Push the panic deep, Bullet. Like I taught you.
Her sohei master told her thoughts could be heard if you projected loudly and wisely. Hone your thoughts, sharpen them like the tip of your ya, he’d told her, and there will be nothing that can keep them from reaching into another’s mind. Arrow did as he’d instructed her at the tender age of a year and a half. She didn’t know if it would work now.
“Stand up, child. You’ll be needed soon,” the black-eyed man said in a louder voice now.
A wail rent the air and it was Ninka. It was pain. Arrow did not turn her head, afraid she’d see the fragile child splintering in front of her. The sounds of boots and hands meeting flesh made Arrow’s body tighten as if she was fending off the blows.
Another cry, this one agonizing, and Arrow pictured Ninka flailing in Julio’s grip. He shook her hard by her shoulders, then harder, and her head bobbled on her tiny body, back and forth. Her normally beautiful, wheat-colored, silk-spun hair, was now dirty and matted to her head, nothing but the ends swinging as Julio continued to shake her.
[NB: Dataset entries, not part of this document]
(* For $n>2$, the groups $G_{n,\mathcal{D}}^2$ and $G_{n+1}^2/N$ are isomorphic, where $N$ is the normal subgroup of $G_{n+1}^2$ generated by all commutators $a_{i(n+1)}a_{j(n+1)}a_{i(n+1)}^{-1}a_{j(n+1)}^{-1}$, $i,j\in\{1,\dots,n\}$.
   Context: $G_{N}^2$ is the group with generators $a_{ij}=a_{\{i,j\}}$ for $2$-element subsets $\{i,j\}\subset\{1,\dots,N\}$ and relations $a_{ij}^2=1$; $a_{ij}a_{kl}=a_{kl}a_{ij}$ for distinct $i,j,k,l$; $a_{ij}a_{ik}a_{jk}=a_{jk}a_{ik}a_{ij}$ for distinct $i,j,k$. $G_{n,\mathcal{D}}^2$ has generators $a_{ij}$ ($\{i,j\}\subset\{1,\dots,n\}$) and $\tau_i$ ($1\le i\le n$) with relations: $a_{ij}^2=1$; $a_{ij}a_{kl}=a_{kl}a_{ij}$ for distinct $i,j,k,l$; $a_{ij}a_{ik}a_{jk}=a_{jk}a_{ik}a_{ij}$ for distinct $i,j,k$; $\tau_i^2=1$; $\tau_i\tau_j=\tau_j\tau_i$; $\tau_i\tau_ja_{ij}\tau_j\tau_i=a_{ij}$; $a_{ij}\tau_k=\tau_ka_{ij}$ for distinct $i,j,k$. *)

theory Defs
  imports "HOL-Algebra.Algebra"
begin

text \<open>A word over generators of type 'g: a list of letters (x, b), where b = False
means the generator x and b = True means its inverse.\<close>

type_synonym 'g word = "('g \<times> bool) list"

definition words :: "'g set \<Rightarrow> 'g word set" where
  "words S = lists (S \<times> UNIV)"

inductive_set pres_rel :: "'g set \<Rightarrow> ('g word \<times> 'g word) set \<Rightarrow> ('g word \<times> 'g word) set"
  for S E where
    refl: "w \<in> words S \<Longrightarrow> (w, w) \<in> pres_rel S E"
  | sym: "(u, v) \<in> pres_rel S E \<Longrightarrow> (v, u) \<in> pres_rel S E"
  | trans: "(u, v) \<in> pres_rel S E \<Longrightarrow> (v, w) \<in> pres_rel S E \<Longrightarrow> (u, w) \<in> pres_rel S E"
  | cancel: "x \<in> S \<Longrightarrow> ([(x, b), (x, \<not> b)], []) \<in> pres_rel S E"
  | rel: "(u, v) \<in> E \<Longrightarrow> u \<in> words S \<Longrightarrow> v \<in> words S \<Longrightarrow> (u, v) \<in> pres_rel S E"
  | cong: "(u, v) \<in> pres_rel S E \<Longrightarrow> (u', v') \<in> pres_rel S E \<Longrightarrow> (u @ u', v @ v') \<in> pres_rel S E"

definition presented_group :: "'g set \<Rightarrow> ('g word \<times> 'g word) set \<Rightarrow> 'g word set monoid" where
  "presented_group S E =
     \<lparr> carrier = words S // pres_rel S E,
       monoid.mult = (\<lambda>A B. \<Union>a\<in>A. \<Union>b\<in>B. pres_rel S E `` {a @ b}),
       monoid.one = pres_rel S E `` {[]} \<rparr>"

definition pres_gen :: "'g set \<Rightarrow> ('g word \<times> 'g word) set \<Rightarrow> 'g \<Rightarrow> 'g word set" where
  "pres_gen S E x = pres_rel S E `` {[(x, False)]}"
Arrow did not turn to watch but she saw it all.
“You’re such a stupid child! Why can’t you learn to be quiet?” Julio demanded in broken English. His voice called to the blackness inside her. She hated him.
Ninka wasn’t making a sound anymore.
Julio reared back and kicked the little girl. The blow was loud in Arrow’s ears, echoing back across the shadow land of her soul over and over. Arrow’s hands clenched, and she wanted to watch the red bleed from her palms, needed to find the calm. She wished for her yumi and ya, grasped coarse nylon rope instead. Ninka coughed after he kicked her. Arrow pictured bright red on her pale lips.